Regulation of hepcidin expression in hepatocytes in response to iron status and requirements (left) or inflammation (right). Tissue iron increases the expression of bone morphogenetic protein 6 (BMP6), which acts on the BMP receptor (BMP-R) and co-receptor hemojuvelin (HJV). This interaction leads to the phosphorylation of the receptor-associated small-mothers against decapentaplegic (SMAD) 1/5/8 proteins, which then bind to SMAD4, translocate to the nucleus and up-regulate transcription of the HAMP gene to produce hepcidin. Plasma iron is sensed by the hemochromatosis protein HFE and the type 2 transferrin receptor (TfR2), leading to modulation of BMP/SMAD signals. Iron deficiency inhibits BMP/SMAD signals by inducing degradation of HJV, while erythropoiesis inhibits hepcidin expression through the action of erythroferrone. In inflammatory states, cytokines such as IL-6 and IL-22 act on their respective receptors to activate the Janus kinases (JAK)1/2, leading to phosphorylation and dimerization of signal transducer and activator of transcription 3 (STAT3). Dimeric STAT3 translocates to the nucleus to up-regulate HAMP transcription and increase hepcidin production. Activin B produced during inflammation increases HAMP transcription by activating the BMP/SMAD pathway. Additional inflammatory mediators, including other pro-inflammatory cytokines such as IL-1β, endoplasmic reticulum (ER) stress and agonists of innate pattern recognition receptors (PRRs), induce signals that activate other transcription (Tx) factors and up-regulate HAMP transcription.
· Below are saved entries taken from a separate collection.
(* For an algebraic range-query function $Q$, given an array of size $n$, Bin Buffering uses a buffer of $n/b$ tuples computed in time $O(n)$ and updated in time $O(b)$ to support queries in time $O(n/b+b)$. Choosing $b=\sqrt{n}$ minimizes the query complexity to $O(\sqrt{n})$. If $Q$ is linear then updates take constant time.
   Context: Arrays are indexed $a_0,\ldots,a_{n-1}$. A range-query function $Q:\mathcal{A}^{R}\to R$ (where $\mathcal{A}^R$ is the set of finite arrays with values in $R$) is distributive if there is $F$ with $Q(a_0,\ldots,a_k,a_{k+1},\ldots,a_{n-1})=F(Q(a_0,\ldots,a_k),Q(a_{k+1},\ldots,a_{n-1}))$ for all $0\le k<n-1$. A real-valued range-query function $Q$ is algebraic if it can be computed from an intermediate tuple-valued distributive range-query function $G:\mathcal{A}^{\mathbb{R}}\to\mathbb{R}^m$ ($m$ a small fixed integer) with combining function $F:\mathcal{A}^{\mathbb{R}^m}\to\mathbb{R}^m$, i.e. $G(a_0,\ldots,a_k,a_{k+1},\ldots,a_{n-1})=F(G(a_0,\ldots,a_k),G(a_{k+1},\ldots,a_{n-1}))$; the cost of $G$ and $F$ is assumed independent of the values and constant per combination. Bin Buffering: given an integer $b$ dividing $n$, precompute the $n/b$ components $B_0=G(a_0,\ldots,a_{b-1})$, $B_1=G(a_b,\ldots,a_{2b-1})$, $\ldots$, $B_{n/b-1}=G(a_{n-b},\ldots,a_{n-1})$, and answer queries via $G(a_k,\ldots,a_l)=F(G(a_k,\ldots,a_{b\lceil k/b\rceil-1}),B_{\lceil k/b\rceil},\ldots,B_{\lfloor l/b\rfloor-1},G(a_{b\lfloor l/b\rfloor},\ldots,a_l))$. An update changes one array entry $a_k$ by $\Delta=a'_k-a_k$. $Q$ (with intermediate $G$) is linear if $G(a_0+\alpha d_0,\ldots,a_{n-1}+\alpha d_{n-1})=G(a_0,\ldots,a_{n-1})+\alpha G(d_0,\ldots,d_{n-1})$ for all arrays $a,d$ and constants $\alpha$. *)

theory Defs
  imports "HOL-Analysis.Analysis"
begin

definition seg :: "'r list \<Rightarrow> nat \<Rightarrow> nat \<Rightarrow> 'r list" where
  "seg a i j = take (j - i) (drop i a)"

definition distributive_rq :: "('r list \<Rightarrow> 'b) \<Rightarrow> ('b \<Rightarrow> 'b \<Rightarrow> 'b) \<Rightarrow> bool" where
  "distributive_rq G F \<longleftrightarrow>
     (\<forall>xs ys. xs \<noteq> [] \<longrightarrow> ys \<noteq> [] \<longrightarrow> G (xs @ ys) = F (G xs) (G ys))"

definition linear_rq :: "(real list \<Rightarrow> 'b::real_vector) \<Rightarrow> bool" where
  "linear_rq G \<longleftrightarrow>
     (\<forall>a d (\<alpha>::real). length a = length d \<longrightarrow>
        G (map2 (\<lambda>x y. x + \<alpha> * y) a d) = G a + \<alpha> *\<^sub>R G d)"

text \<open>Cost model: every algorithm returns (result, cost) where the cost counts
  the primitive operations: evaluations of G on a single entry, applications of F,
  and (in the linear update) one vector addition.\<close>

fun gfold :: "('r list \<Rightarrow> 'b) \<Rightarrow> ('b \<Rightarrow> 'b \<Rightarrow> 'b) \<Rightarrow> 'r \<Rightarrow> 'r list \<Rightarrow> 'b \<times> nat" where
  "gfold G F x [] = (G [x], 1)"
| "gfold G F x (y # ys) = (case gfold G F y ys of (v, c) \<Rightarrow> (F (G [x]) v, c + 2))"

definition evalseq :: "('r list \<Rightarrow> 'b) \<Rightarrow> ('b \<Rightarrow> 'b \<Rightarrow> 'b) \<Rightarrow> 'r list \<Rightarrow> 'b \<times> nat" where
  "evalseq G F xs = (case xs of [] \<Rightarrow> (G [], 0) | x # ys \<Rightarrow> gfold G F x ys)"

fun fcomb :: "('b \<Rightarrow> 'b \<Rightarrow> 'b) \<Rightarrow> 'b \<Rightarrow> 'b list \<Rightarrow> 'b \<times> nat" where
  "fcomb F v [] = (v, 0)"
| "fcomb F v (w # ws) = (case fcomb F w ws of (r, c) \<Rightarrow> (F v r, c + 1))"

definition is_buffer :: "('r list \<Rightarrow> 'b) \<Rightarrow> nat \<Rightarrow> 'r list \<Rightarrow> 'b list \<Rightarrow> bool" where
  "is_buffer G b a B \<longleftrightarrow> length B = length a div b \<and>
     (\<forall>j < length B. B ! j = G (seg a (j * b) (j * b + b)))"

definition build_buffer :: "('r list \<Rightarrow> 'b) \<Rightarrow> ('b \<Rightarrow> 'b \<Rightarrow> 'b) \<Rightarrow> nat \<Rightarrow> 'r list \<Rightarrow> 'b list \<times> nat" where
  "build_buffer G F b a =
     (let blk = (\<lambda>j. evalseq G F (seg a (j * b) (j * b + b)));
          js = [0..<length a div b]
      in (map (\<lambda>j. fst (blk j)) js, sum_list (map (\<lambda>j. snd (blk j)) js)))"

text \<open>Query G(a_k,...,a_l) using the buffer, following
  G(a_k..a_l) = F(G(a_k..a_(b*ceil(k/b)-1)), B_(ceil(k/b)),...,B_(floor(l/b)-1), G(a_(b*floor(l/b))..a_l)),
  omitting empty pieces; if k and l lie strictly inside the same bin, G is computed directly.\<close>
definition bb_query :: "('r list \<Rightarrow> 'b) \<Rightarrow> ('b \<Rightarrow> 'b \<Rightarrow> 'b) \<Rightarrow> nat \<Rightarrow> 'r list \<Rightarrow> 'b list
    \<Rightarrow> nat \<Rightarrow> nat \<Rightarrow> 'b \<times> nat" where
  "bb_query G F b a B k l =
     (let p = b * ((k + b - 1) div b); q = b * (l div b) in
      if q < p then evalseq G F (seg a k (Suc l))
      else
        (case evalseq G F (seg a q (Suc l)) of (sv, sc) \<Rightarrow>
          (let mids = map (\<lambda>i. B ! i) [p div b..<q div b] in
           (case fcomb F (hd (mids @ [sv])) (tl (mids @ [sv])) of (r, cr) \<Rightarrow>
             (if k < p then
                (case evalseq G F (seg a k p) of (pv, pc) \<Rightarrow> (F pv r, pc + sc + cr + 1))
              else (r, sc + cr))))))"
lemma answer_ent_decoding:
  assumes k: "k \<in> {1..K}" and S: "S \<in> Adm"
  shows "L + answer_ent k S k \<le> answer_ent k S (k - 1)"
proof -
  let ?Y = "\<lambda>w. (take (k - 1) (messages w), F w, R w)"
  have "ent b P (\<lambda>w. (answers k S w, ?Y w)) = ent b P (\<lambda>w. (answers k S w, take k (messages w), F w, R w))"
  proof (intro ent_eq_if_determines[OF base] determinesI)
    fix w v assume w: "w \<in> set_pmf P" and v: "v \<in> set_pmf P"
      and eq: "(answers k S w, ?Y w) = (answers k S v, ?Y v)"
    then have "W k w = W k v"
      using determinesD[OF message_determined[OF k S] w v] by simp
    with eq k show "(answers k S w, take k (messages w), F w, R w) = (answers k S v, take k (messages v), F v, R v)"
      by (simp add: take_messages_Suc)
  qed (use k in \<open>auto simp: take_messages_Suc\<close>)
  moreover have "ent b P (\<lambda>w. (take k (messages w), F w, R w)) = ent b P (\<lambda>w. (W k w, ?Y w))"
    using k by (intro ent_eq_if_determines[OF base] determinesI) (auto simp: take_messages_Suc)
  ultimately show ?thesis
    using cond_ent_message_ge[OF k] unfolding answer_ent_def cond_ent_def by simp
qed

lemma answer_cond_ent_query:
  assumes "k \<in> {1..K}" and "S \<in> Adm" and "n \<in> {1..N}" and "j \<le> K"
  shows "cond_ent b P (A k S n) (\<lambda>w. (take j (messages w), F w, R w))
       = cond_ent b P (A k S n) (\<lambda>w. (take j (messages w), Q k S n w, R w))"
proof (rule cond_ent_markov[OF base query_determined[OF assms(1-3)]])
  show "determines P (\<lambda>w. (Q k S n w, take j (messages w), drop j (messages w), R w)) (A k S n)"
    using determinesD[OF answer_determined[OF assms(1-3)]]
    by (intro determinesI) (metis append_take_drop_id prod.inject)
  have "mut_inf b P (\<lambda>w. (take j (messages w), drop j (messages w))) (\<lambda>w. (F w, R w))
      = mut_inf b P messages (\<lambda>w. (F w, R w))"
  proof -
    have "inj (\<lambda>(xs, y). ((take j xs, drop j xs), y))"
      using inj_take_drop[of j] by (auto simp: inj_def)
    with ent_inj_comp[OF base this, of P "\<lambda>w. (messages w, F w, R w)"]
      ent_inj_comp[OF base inj_take_drop[of j], of P messages]
    show ?thesis
      unfolding mut_inf_def by simp
  qed
  then show "mut_inf b P (\<lambda>w. (take j (messages w), drop j (messages w))) (\<lambda>w. (F w, R w)) = 0"
    using messages_indep unfolding messages_def by simp
qed

lemma answer_ent_le_max: "S \<in> Adm \<Longrightarrow> answer_ent k S j \<le> max_answer_ent k j"
  unfolding max_answer_ent_def using Adm_finite by (intro Max_ge) auto

lemma max_answer_ent_attained:
  obtains S where "S \<in> Adm" and "max_answer_ent k j = answer_ent k S j"
proof -
  have "max_answer_ent k j \<in> (\<lambda>S. answer_ent k S j) ` Adm"
    unfolding max_answer_ent_def using Adm_finite Adm_nonempty by (intro Max_in) auto
  with that show ?thesis
    by blast
qed

lemma max_answer_ent_nonneg: "0 \<le> max_answer_ent k j"
proof -
  obtain S where "S \<in> Adm" and "max_answer_ent k j = answer_ent k S j"
    by (rule max_answer_ent_attained)
  then show ?thesis
    unfolding answer_ent_def using cond_ent_nonneg[OF base] by simp
qed

lemma max_answer_ent_decoding:
  assumes "k \<in> {1..K}"
  shows "L + max_answer_ent k k \<le> max_answer_ent k (k - 1)"
proof -
  obtain S where S: "S \<in> Adm" and "max_answer_ent k k = answer_ent k S k"
    by (rule max_answer_ent_attained)
  with answer_ent_decoding[OF assms S] answer_ent_le_max[OF S, of k "k - 1"] show ?thesis
    by simp
qed

text \<open>Privacy lets database n answer the query for message k+1 as if it were a query for
  message k, so each of the N answers carries at most the largest uncertainty at stage k.\<close>

lemma cond_ent_answer_le_max:
  assumes k: "1 \<le> k" "k < K" and S: "S \<in> Adm" and n: "n \<in> {1..N}"
  shows "cond_ent b P (A (k+1) S n) (\<lambda>w. (take k (messages w), F w, R w)) \<le> max_answer_ent k k"
proof -
  have k1: "k + 1 \<in> {1..K}" and k0: "k \<in> {1..K}"
    using k by auto
  obtain S' where S': "S' \<in> Adm"
    and same_dist: "map_pmf (\<lambda>w. (Q (k+1) S n w, A (k+1) S n w, messages w, R w)) P
                  = map_pmf (\<lambda>w. (Q k S' n w, A k S' n w, messages w, R w)) P"
    using privacy[OF k1 k0 S n] unfolding messages_def by blast
  have "cond_ent b P (A (k+1) S n) (\<lambda>w. (take k (messages w), F w, R w))
      = cond_ent b P (A (k+1) S n) (\<lambda>w. (take k (messages w), Q (k+1) S n w, R w))"
    using answer_cond_ent_query[OF k1 S n] k by simp
  also have "\<dots> = cond_ent b P (A k S' n) (\<lambda>w. (take k (messages w), Q k S' n w, R w))"
    unfolding cond_ent_def
    using ent_map_pmf_cong[OF same_dist, of b "\<lambda>(q, a, ms, r). (a, take k ms, q, r)"]
      ent_map_pmf_cong[OF same_dist, of b "\<lambda>(q, a, ms, r). (take k ms, q, r)"] by simp
  also have "\<dots> = cond_ent b P (A k S' n) (\<lambda>w. (take k (messages w), F w, R w))"
    using answer_cond_ent_query[OF k0 S' n] k by simp
  also have "\<dots> \<le> answer_ent k S' k"
    unfolding answer_ent_def
    by (rule cond_ent_mono[OF base], rule determinesI) (use n in \<open>simp add: answers_def map_eq_conv del: upt_Suc\<close>)
  also have "\<dots> \<le> max_answer_ent k k"
    by (rule answer_ent_le_max[OF S'])
  finally show ?thesis .
qed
In addition to the up-regulation of hepcidin that occurs when tissue and plasma iron levels rise, mechanisms to inhibit hepcidin expression go into effect in states of iron deficiency or increased iron demand. Suppression of hepcidin by low iron levels involves a transmembrane serine protease known as matriptase-2 (encoded by the TMPRSS6 gene) that cleaves HJV and thus attenuates signaling throught the BMP/SMAD pathway.^31–33 This effect appears to be mediated by post-translational stabilization of matriptase-2 by low intracellular iron.³⁴ Mice and humans with inactivating mutations in matriptase-2 suffer from a microcytic anemia that is refractory to oral iron therapy and that is associated with abnormally elevated hepcidin levels.^31,32,35 Hepcidin expression has to be suppressed in order to meet the increased demand for iron during the state of augmented erythropoiesis that occurs in conditions such as hypoxia, hemolytic anemia and recovery from iron deficiency.³⁶ Hepcidin inhibition under these circumstances involves the hormone erythroferrone, which is produced by RBC precursors in response to erythropoietin.³⁷ The effect of erythroferrone on hepcidin expression has been shown recently to require matriptase-2, presumably in order to suppress BMP/SMAD signaling.³⁸

IV. Iron metabolism and anemia in IBD

IBD is a chronic, relapsing and remitting inflammatory disorder of the gastrointestinal tract. Its exact pathogenesis is not clear but it is believed to be the result of abnormal, microbiota-driven immune responses that develop in genetically predisposed individuals.³⁹ The clinical manifestations range from bloody diarrhea and weight loss to perforation and obstruction of the gastrointestinal tract. IBD affects millions of people worldwide, with rising incidences, especially in urban areas.⁴⁰ Two major forms of IBD – ulcerative colitis (UC) and Crohn’s disease (CD) – exhibit overlapping symptoms and pathologies. UC involves inflammation that is limited to the colon while CD affects the entire gastrointestinal tract. Many chronic inflammatory diseases, including IBD, are associated with disturbances in iron homeostasis that lead to a significant decrease in circulating iron concentrations.⁴¹ The abnormality can be explained to a great extent by the fact that hepcidin expression, in addition to being influenced by iron status and demands, can also be markedly up-regulated by inflammatory signals (Figure 2). The increase in hepcidin levels leads to FPN degradation, with a consequent decrease in iron efflux and a fall in plasma iron concentrations. This response may have evolved as a mechanism to protect against infection since the hypoferremia deprives extracellular pathogens of an essential nutrient.⁴² Indeed, hepcidin expression is elevated in a number of human infectious diseases,^43–45 and hepcidin-induced hypoferremia has been shown to have clear anti-microbial effects in a mouse model of Vibrio vulnificus infection.⁴⁶ Decreased circulating iron may also have some benefits in terms of reducing the production of tissue-damaging reactive oxygen species. However, persistent hypoferremia will inevitably impair RBC production and lead to anemia. The anemia that develops under these circumstances (AI) is generally mild to moderate, normochromic and normocytic in nature and characterized by normal or elevated serum ferritin concentrations, features that help to distinguish it from the anemia of iron deficiency. AI usually resolves following successful treatment of the underlying inflammation but sometimes it can be significant enough to impair quality of life and may require specific intervention beyond anti-inflammatory therapy.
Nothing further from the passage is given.